The analyst said she is invested in all of her funds and her clients query her about it as it’s an important indicator. She expects the same type of alignment from the management of companies she invests in.

The Financial Post compiled data on common stock holdings of Canada’s 10 largest oil producing companies over the past year and found Baytex Energy Corp. CEO Ed LaFehr acquired the largest number of his own shares last year, at 357,899 shares purchased, followed by Fagerheim.

Filings show LaFehr bought thousands of shares of Baytex in the public markets in February, May and September and also exercised rights and options to further increase his holdings in January and July of last year.

Proportionately, MEG Energy Corp. CEO Derek Evans increased his holdings by the largest percentage among the top producers. Evans bought 220,000 shares in MEG, a 164 per cent increase in his holdings over the course of 2020. Filings show Evans was buying in April and November 2020, after MEG shares bottomed at $1.22 each at the end of March 2020.

Imperial Oil Ltd. CEO Brad Corson, who took over the top job at the Calgary-based oilsands producer in Jan. 2020, held no common shares of Imperial at the end of last year, according to company disclosures. Insider filings show Corson did not buy any Imperial shares in the public market in 2020.

Corson owns 87,758 common shares of Exxon Mobil Corp., which is the controlling shareholder in Imperial Oil. Imperial declined comment on Corson’s holdings in Imperial, beyond noting that he has three years to accumulate the minimum number of shares required for an executive of the company.

Some executives, such as Canadian Natural Resources Ltd. executive chair Murray Edwards and president Tim McKay bought 46,086 shares and 8,469 shares in their company, respectively, but those purchases didn’t result in a large percentage change in their holdings because both already own more than 1 million shares in CNRL. Edwards owns close to 22 million shares.
CNRL declined to comment on McKay’s and Edwards’ shareholdings but said in an emailed statement that every employee in the company is a shareholder.

MEG Energy Corp. and Suncor Energy Inc. did not respond to requests for comment. Cenovus Energy Inc. and Enerplus Inc. declined requests for comment.

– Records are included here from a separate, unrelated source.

definition qsa_unit ::
  "'a::real_normed_vector set \<Rightarrow> ('a \<Rightarrow> 'a \<Rightarrow> 'a) \<Rightarrow> 'a \<Rightarrow> bool" where
  "qsa_unit A0 qmult e \<longleftrightarrow> e \<in> A0 \<and> (\<forall>a. qmult a e = a \<and> qmult e a = a)"

definition normed_quasi_star_algebra ::
  "'a::real_normed_vector set \<Rightarrow> (complex \<Rightarrow> 'a \<Rightarrow> 'a) \<Rightarrow> ('a \<Rightarrow> 'a) \<Rightarrow> ('a \<Rightarrow> 'a \<Rightarrow> 'a) \<Rightarrow> bool" where
  "normed_quasi_star_algebra A0 sm star qmult \<longleftrightarrow>
     quasi_star_algebra A0 sm star qmult \<and>
     (\<forall>a. norm (star a) = norm a) \<and>
     closure A0 = UNIV \<and>
     (\<forall>x\<in>A0. continuous_on UNIV (\<lambda>a. qmult a x) \<and> continuous_on UNIV (\<lambda>a. qmult x a))"

text \<open>Banach: completeness is provided by the type class banach.\<close>
definition banach_quasi_star_algebra ::
  "'a::banach set \<Rightarrow> (complex \<Rightarrow> 'a \<Rightarrow> 'a) \<Rightarrow> ('a \<Rightarrow> 'a) \<Rightarrow> ('a \<Rightarrow> 'a \<Rightarrow> 'a) \<Rightarrow> bool" where
  "banach_quasi_star_algebra A0 sm star qmult \<longleftrightarrow> normed_quasi_star_algebra A0 sm star qmult"

definition clinear_fun :: "(complex \<Rightarrow> 'a \<Rightarrow> 'a) \<Rightarrow> ('a::real_normed_vector \<Rightarrow> complex) \<Rightarrow> bool" where
  "clinear_fun sm \<omega> \<longleftrightarrow> (\<forall>a b. \<omega> (a + b) = \<omega> a + \<omega> b) \<and> (\<forall>c a. \<omega> (sm c a) = c * \<omega> a)"

definition representable ::
  "'a::real_normed_vector set \<Rightarrow> (complex \<Rightarrow> 'a \<Rightarrow> 'a) \<Rightarrow> ('a \<Rightarrow> 'a) \<Rightarrow> ('a \<Rightarrow> 'a \<Rightarrow> 'a) \<Rightarrow> ('a \<Rightarrow> complex) \<Rightarrow> bool" where
  "representable A0 sm star qmult \<omega> \<longleftrightarrow>
     clinear_fun sm \<omega> \<and>
     (\<forall>x\<in>A0. 0 \<le> \<omega> (qmult (star x) x)) \<and>
     (\<forall>x\<in>A0. \<forall>y\<in>A0. \<forall>a. \<omega> (qmult (qmult (star y) (star a)) x) = cnj (\<omega> (qmult (qmult (star x) a) y))) \<and>
     (\<forall>a. \<exists>\<gamma>>0. \<forall>x\<in>A0. cmod (\<omega> (qmult (star a) x)) \<le> \<gamma> * sqrt (cmod (\<omega> (qmult (star x) x))))"

definition Rc ::
  "'a::real_normed_vector set \<Rightarrow> (complex \<Rightarrow> 'a \<Rightarrow> 'a) \<Rightarrow> ('a \<Rightarrow> 'a) \<Rightarrow> ('a \<Rightarrow> 'a \<Rightarrow> 'a) \<Rightarrow> ('a \<Rightarrow> complex) set" where
  "Rc A0 sm star qmult = {\<omega>. representable A0 sm star qmult \<omega> \<and> continuous_on UNIV \<omega>}"

text \<open>Domain of the closure of the form phi_omega(x,y) = omega(y* x).\<close>
definition closure_dom ::
  "'a::real_normed_vector set \<Rightarrow> ('a \<Rightarrow> 'a) \<Rightarrow> ('a \<Rightarrow> 'a \<Rightarrow> 'a) \<Rightarrow> ('a \<Rightarrow> complex) \<Rightarrow> 'a set" where
  "closure_dom A0 star qmult \<omega> =
     {a. \<exists>X. (\<forall>n. X n \<in> A0) \<and> X \<longlonglongrightarrow> a \<and>
            (\<forall>\<epsilon>>0. \<exists>N. \<forall>n\<ge>N. \<forall>m\<ge>N. cmod (\<omega> (qmult (star (X n - X m)) (X n - X m))) < \<epsilon>)}"

definition A_R ::
  "'a::real_normed_vector set \<Rightarrow> (complex \<Rightarrow> 'a \<Rightarrow> 'a) \<Rightarrow> ('a \<Rightarrow> 'a) \<Rightarrow> ('a \<Rightarrow> 'a \<Rightarrow> 'a) \<Rightarrow> 'a set" where
  "A_R A0 sm star qmult =
     (if Rc A0 sm star qmult = {\<lambda>_. 0} then UNIV
      else (\<Inter>\<omega>\<in>Rc A0 sm star qmult. closure_dom A0 star qmult \<omega>))"

definition A0_plus ::
  "'a::real_normed_vector set \<Rightarrow> ('a \<Rightarrow> 'a) \<Rightarrow> ('a \<Rightarrow> 'a \<Rightarrow> 'a) \<Rightarrow> 'a set" where
  "A0_plus A0 star qmult =
     {a. \<exists>(n::nat) xs. (\<forall>k<n. xs k \<in> A0) \<and> a = (\<Sum>k<n. qmult (star (xs k)) (xs k))}"

definition A_plus ::
  "'a::real_normed_vector set \<Rightarrow> ('a \<Rightarrow> 'a) \<Rightarrow> ('a \<Rightarrow> 'a \<Rightarrow> 'a) \<Rightarrow> 'a set" where
  "A_plus A0 star qmult = closure (A0_plus A0 star qmult)"

definition Rc_sufficient ::
  "'a::real_normed_vector set \<Rightarrow> (complex \<Rightarrow> 'a \<Rightarrow> 'a) \<Rightarrow> ('a \<Rightarrow> 'a) \<Rightarrow> ('a \<Rightarrow> 'a \<Rightarrow> 'a) \<Rightarrow> bool" where
  "Rc_sufficient A0 sm star qmult \<longleftrightarrow>
     (\<forall>a\<in>A_plus A0 star qmult. a \<noteq> 0 \<longrightarrow> (\<exists>\<omega>\<in>Rc A0 sm star qmult. 0 < \<omega> a))"

definition fully_representable ::
  "'a::real_normed_vector set \<Rightarrow> (complex \<Rightarrow> 'a \<Rightarrow> 'a) \<Rightarrow> ('a \<Rightarrow> 'a) \<Rightarrow> ('a \<Rightarrow> 'a \<Rightarrow> 'a) \<Rightarrow> bool" where
  "fully_representable A0 sm star qmult \<longleftrightarrow>
     Rc_sufficient A0 sm star qmult \<and> A_R A0 sm star qmult = UNIV"

definition sesquilinear_form :: "(complex \<Rightarrow> 'a \<Rightarrow> 'a) \<Rightarrow> ('a::real_normed_vector \<Rightarrow> 'a \<Rightarrow> complex) \<Rightarrow> bool" where
  "sesquilinear_form sm \<Omega> \<longleftrightarrow>
     (\<forall>a b c. \<Omega> (a + b) c = \<Omega> a c + \<Omega> b c) \<and>
     (\<forall>a b c. \<Omega> a (b + c) = \<Omega> a b + \<Omega> a c) \<and>
     (\<forall>z a b. \<Omega> (sm z a) b = z * \<Omega> a b) \<and>
     (\<forall>z a b. \<Omega> a (sm z b) = cnj z * \<Omega> a b)"

definition S_A0 ::
  "'a::real_normed_vector set \<Rightarrow> (complex \<Rightarrow> 'a \<Rightarrow> 'a) \<Rightarrow> ('a \<Rightarrow> 'a) \<Rightarrow> ('a \<Rightarrow> 'a \<Rightarrow> 'a) \<Rightarrow> ('a \<Rightarrow> 'a \<Rightarrow> complex) set" where
  "S_A0 A0 sm star qmult =
     {\<Omega>. sesquilinear_form sm \<Omega> \<and>
          (\<forall>a. 0 \<le> \<Omega> a a) \<and>
          (\<forall>a. \<forall>x\<in>A0. \<forall>y\<in>A0. \<Omega> (qmult a x) y = \<Omega> x (qmult (star a) y)) \<and>
          (\<forall>a b. cmod (\<Omega> a b) \<le> norm a * norm b)}"

definition star_semisimple ::
  "'a::real_normed_vector set \<Rightarrow> (complex \<Rightarrow> 'a \<Rightarrow> 'a) \<Rightarrow> ('a \<Rightarrow> 'a) \<Rightarrow> ('a \<Rightarrow> 'a \<Rightarrow> 'a) \<Rightarrow> bool" where
  "star_semisimple A0 sm star qmult \<longleftrightarrow>
     (\<forall>a. a \<noteq> 0 \<longrightarrow> (\<exists>\<Omega>\<in>S_A0 A0 sm star qmult. 0 < \<Omega> a a))"

definition condition_P ::
  "'a::real_normed_vector set \<Rightarrow> (complex \<Rightarrow> 'a \<Rightarrow> 'a) \<Rightarrow> ('a \<Rightarrow> 'a) \<Rightarrow> ('a \<Rightarrow> 'a \<Rightarrow> 'a) \<Rightarrow> bool" where
  "condition_P A0 sm star qmult \<longleftrightarrow>
     (\<forall>a. (\<forall>\<omega>\<in>Rc A0 sm star qmult. \<forall>x\<in>A0. 0 \<le> \<omega> (qmult (qmult (star x) a) x))
          \<longrightarrow> a \<in> A_plus A0 star qmult)"

end

theory Submission
  imports Defs
begin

“The Holy Grail is a CEO that has a massive personal investment in his company, so you know with 100 per cent conviction that he is aligned along with you. Rarely do you get that,” said Eric Nuttall, a partner and senior portfolio manager with Ninepoint Partners in Toronto.

“When things are darkest it’s very difficult to step up and buy stock. In a time of maximum uncertainty it’s very difficult to do,” Nuttall said, but added that he expected that company CEOs own large quantities of their own stock because they are paid millions of dollars per year.

Nuttall, who runs an actively managed energy-focused fund, has spent much of the last year noting that oil and gas stocks were undervalued and demanding that energy management teams both buy their own shares and set their companies on stock buybacks.